[Problem requirements]:
Go through the records and extract every line with the word "nonzero".

*** Opening Data for review ***

(* In the setting of the context, assume further that $\theta^*_i\ne\theta^*_0$ for $1\le i\le d$. Then the graph $\Delta$ is connected.
   Context: Let $\mathbb F$ be a field, $d\ge1$ an integer, $V$ a vector space over $\mathbb F$ of dimension $d+1$, $\mathcal A=\mathrm{End}(V)$ with identity $I$. Let $E^*_0,\dots,E^*_d\in\mathcal A$ satisfy $E^*_iE^*_j=\delta_{i,j}E^*_i$ and $\mathrm{rank}(E^*_i)=1$ for $0\le i,j\le d$. Let $A\in\mathcal A$ satisfy $E^*_iAE^*_j=0$ if $|i-j|>1$ and $E^*_iAE^*_j\neq0$ if $|i-j|=1$. Assume $A$ is multiplicity-free, i.e. has $d+1$ mutually distinct eigenvalues $\theta_0,\dots,\theta_d$ in $\mathbb F$, and let $E_i=\prod_{j\ne i}\frac{A-\theta_jI}{\theta_i-\theta_j}$ be the primitive idempotent of $A$ for $\theta_i$. Let $\theta^*_0,\dots,\theta^*_d\in\mathbb F$ and $A^*=\sum_{i=0}^d\theta^*_iE^*_i$. Let $\Delta$ be the graph on vertex set $\{0,1,\dots,d\}$ in which $i,j$ are adjacent iff $i\ne j$ and $E_iA^*E_j\neq0$ (this relation is symmetric). *)

theory Defs
  imports "Jordan_Normal_Form.DL_Rank" "Jordan_Normal_Form.Jordan_Normal_Form"
begin

text \<open>End(V) for dim V = n is represented by n x n matrices over the field.\<close>

definition prim_idem :: "nat \<Rightarrow> 'a::field mat \<Rightarrow> (nat \<Rightarrow> 'a) \<Rightarrow> nat \<Rightarrow> 'a mat" where
  "prim_idem d A th i =
     foldr (\<lambda>j M. ((1 / (th i - th j)) \<cdot>\<^sub>m (A - th j \<cdot>\<^sub>m 1\<^sub>m (Suc d))) * M)
       (filter (\<lambda>j. j \<noteq> i) [0..<Suc d]) (1\<^sub>m (Suc d))"

definition dual_op :: "nat \<Rightarrow> (nat \<Rightarrow> 'a::field mat) \<Rightarrow> (nat \<Rightarrow> 'a) \<Rightarrow> 'a mat" where
  "dual_op d Es ths = foldr (\<lambda>i M. ths i \<cdot>\<^sub>m Es i + M) [0..<Suc d] (0\<^sub>m (Suc d) (Suc d))"

definition Delta_adj :: "nat \<Rightarrow> 'a::field mat \<Rightarrow> (nat \<Rightarrow> 'a) \<Rightarrow> (nat \<Rightarrow> 'a mat) \<Rightarrow> (nat \<Rightarrow> 'a)
    \<Rightarrow> nat \<Rightarrow> nat \<Rightarrow> bool" where
  "Delta_adj d A th Es ths i j \<longleftrightarrow> i \<le> d \<and> j \<le> d \<and> i \<noteq> j \<and>
     prim_idem d A th i * dual_op d Es ths * prim_idem d A th j \<noteq> 0\<^sub>m (Suc d) (Suc d)"

definition Delta_connected :: "nat \<Rightarrow> 'a::field mat \<Rightarrow> (nat \<Rightarrow> 'a) \<Rightarrow> (nat \<Rightarrow> 'a mat) \<Rightarrow> (nat \<Rightarrow> 'a)
    \<Rightarrow> bool" where
  "Delta_connected d A th Es ths \<longleftrightarrow>
     (\<forall>i\<le>d. \<forall>j\<le>d. (i, j) \<in> {(x, y). Delta_adj d A th Es ths x y}\<^sup>*)"

end

theory Submission
  imports Defs
begin

(* Work with two bases of V: an eigenbasis W of A, in which the E_i are the coordinate
   projectors and A is diag(th), and a basis U of vectors u_k spanning the images of the
   rank-one idempotents E*_k, in which A* is diag(ths) and A is irreducible tridiagonal.
   A nonzero entry of E_a M E_b is equivalent to a nonzero (a, b) entry of M written in
   the corresponding basis (sandwich_zero_iff). If some set S of vertices had no edge
   leaving it, the span of the eigenvectors outside S would be invariant under A and A*.
   Since ths 0 is a simple eigenvalue of A*, such an invariant subspace containing a vector
   with nonzero u_0 component contains u_0, hence (A being irreducible tridiagonal on the
   u_k) everything;
   otherwise it contains an eigenvector of A with vanishing u_0 component, which must be 0.
   This is the abstract lemma cut_crossed; the theorem follows by applying it to the two
   bases constructed in eigenbasis and idempotent_basis. *)

lemma sum_single_term:
  fixes g :: "nat \<Rightarrow> 'a::comm_monoid_add"
  assumes "a < n" and "\<And>k. k < n \<Longrightarrow> k \<noteq> a \<Longrightarrow> g k = 0"
  shows "(\<Sum>k = 0..<n. g k) = g a"
proof -
  have "(\<Sum>k = 0..<n. g k) = (\<Sum>k = 0..<n. if k = a then g k else 0)"
    by (rule sum.cong) (use assms in auto)
  then show ?thesis using assms by simp
qed

lemma mult_unit_vec_col:
  fixes W :: "'a::field mat"
  assumes "W \<in> carrier_mat n n" and "k < n"
  shows "W *\<^sub>v unit_vec n k = col W k"
proof (rule eq_vecI)
  fix i assume i: "i < dim_vec (col W k)"
  have "(W *\<^sub>v unit_vec n k) $ i = (\<Sum>l = 0..<n. W $$ (i, l) * (if l = k then 1 else 0))"
    using assms i by (simp add: scalar_prod_def)
  also have "\<dots> = W $$ (i, k)"
    by (subst sum_single_term[of k]) (use assms in auto)
  finally show "(W *\<^sub>v unit_vec n k) $ i = col W k $ i" using assms i by simp
qed (use assms in auto)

*** Closing Data for review ***

[Problem solution]:
   A nonzero entry of E_a M E_b is equivalent to a nonzero (a, b) entry of M written in
   with nonzero u_0 component contains u_0, hence (A being irreducible tridiagonal on the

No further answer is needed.